Por outro lado, a maioria das escolas se limita ao 19 de abril [Dia do Índio] e músicas da Xuxa para transmitirem a cultura indígena – o que é muito pouco e de péssima qualidade. Esses problemas acontecem tanto em colégios públicos quanto particulares, mas o ensino pago sempre leva vantagem, pela maior facilidade em organizar atividades extracurriculares.
Rets – Como as crianças, tanto das aldeias como das cidades, têm recebido o livro?
Daniel – Depois que escrevi meu livro, que foi o primeiro da coleção a sair, voltei à minha aldeia e, para minha surpresa, foi uma festa. Com o segundo autor, o mesmo aconteceu. Todos queriam exemplares para deixar na escola ou em casa. Por isso estamos fazendo força junto ao governo para imprimir mais cópias para distribuirmos nesses locais.
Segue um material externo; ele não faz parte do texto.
lemma ex_eq_Max:
  "ex n A B = Max ((\<lambda>G. card (copies A G)) ` {G :: nat sgraph. verts G = {0..<n} \<and> sgraph_wf G \<and> \<not> contains G B})"
  unfolding ex_def by (rule arg_cong[where f = Max]) blast

lemma finite_free_graphs_on:
  "finite {G :: nat sgraph. verts G = {0..<n} \<and> sgraph_wf G \<and> \<not> contains G B}"
proof (rule finite_subset)
  show "{G :: nat sgraph. verts G = {0..<n} \<and> sgraph_wf G \<and> \<not> contains G B}
          \<subseteq> {{0..<n}} \<times> Pow (Pow {0..<n})"
    using sgraph_wf_edge_subset by fastforce
qed simp

lemma card_copies_le_ex:
  fixes G :: "nat sgraph"
  assumes "verts G = {0..<n}" "sgraph_wf G" "\<not> contains G B"
  shows "card (copies A G) \<le> ex n A B"
proof -
  have "G \<in> {G :: nat sgraph. verts G = {0..<n} \<and> sgraph_wf G \<and> \<not> contains G B}"
    using assms by simp
  then show ?thesis
    unfolding ex_eq_Max by (intro Max_ge finite_imageI finite_free_graphs_on imageI)
qed

lemma ex_attained:
  fixes G :: "nat sgraph"
  assumes "verts G = {0..<n}" "sgraph_wf G" "\<not> contains G B"
  obtains G0 :: "nat sgraph"
  where "verts G0 = {0..<n}" "sgraph_wf G0" "\<not> contains G0 B" "ex n A B = card (copies A G0)"
proof -
  have "G \<in> {G :: nat sgraph. verts G = {0..<n} \<and> sgraph_wf G \<and> \<not> contains G B}"
    using assms by simp
  then have "ex n A B \<in> (\<lambda>G. card (copies A G)) `
               {G :: nat sgraph. verts G = {0..<n} \<and> sgraph_wf G \<and> \<not> contains G B}"
    unfolding ex_eq_Max by (intro Max_in finite_imageI finite_free_graphs_on) blast
  then show ?thesis
    using that by blast
qed

lemma extremal_graph_with_many_copies:
  fixes XX :: "'a sgraph set" and FF :: "'b sgraph set"
  assumes wX: "sgraph_wf X" and X: "X \<in> XX" and ne: "verts X \<noteq> {}"
    and chi: "\<forall>F'\<in>FF. chi X < chi F'"
  obtains G0 :: "nat sgraph"
  where "verts G0 = {0..<m}" "sgraph_wf G0" "\<not> contains G0 FF" "ex m XX FF = card (copies XX G0)"
    and "(m div card (verts X)) ^ card (verts X) \<le> ex m XX FF"
proof -
  obtain G1 :: "nat sgraph" where G1: "verts G1 = {0..<m}" "sgraph_wf G1" "\<not> contains G1 FF"
    "(m div card (verts X)) ^ card (verts X) \<le> card (copies {X} G1)"
    using exists_free_graph_with_many_copies[OF wX ne chi, of "m div card (verts X)" m] by auto
  have "card (copies {X} G1) \<le> card (copies XX G1)"
    using X by (intro card_mono finite_copies[OF G1(2)]) (auto simp: copies_def)
  then have "(m div card (verts X)) ^ card (verts X) \<le> ex m XX FF"
    using G1(4) card_copies_le_ex[OF G1(1-3), of XX] by linarith
  moreover obtain G0 :: "nat sgraph" where "verts G0 = {0..<m}" "sgraph_wf G0" "\<not> contains G0 FF"
    "ex m XX FF = card (copies XX G0)"
    using ex_attained[OF G1(1-3)] by blast
  ultimately show thesis
    using that by blast
qed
Quanto às ilustrações feitas pelas crianças, são desenhos típicos das aldeias, e é isso que importa – que fiquem registrados.
A primeira edição foi vendida em seis meses, pois muitas escolas compraram exemplares e as pessoas têm gostado muito dos textos e das ilustrações. Cada vez mais há cursos para professores, para fazerem as crianças terem mais contato com essa cultura através de livros e histórias contadas oralmente. Quando vou a alguma escola falar sobre isso – realizo esse trabalho há cerca de 10 anos – 'babo' com as respostas dadas pelas crianças.
Rets – Como é esse diálogo entre você e as crianças?
Daniel – Procuro fazer uma conversa, um trabalho mais interativo, e não apenas uma aula sobre índios e sua cultura. Em primeiro lugar, é preciso tirar a imagem de índio malvado que boa parte delas tem –que, sinceramente, não sei de onde vem. Apesar do receio inicial, elas em pouco tempo entram na história, e aí pronto: cantam e dançam com a gente sem problema algum e se divertem muito.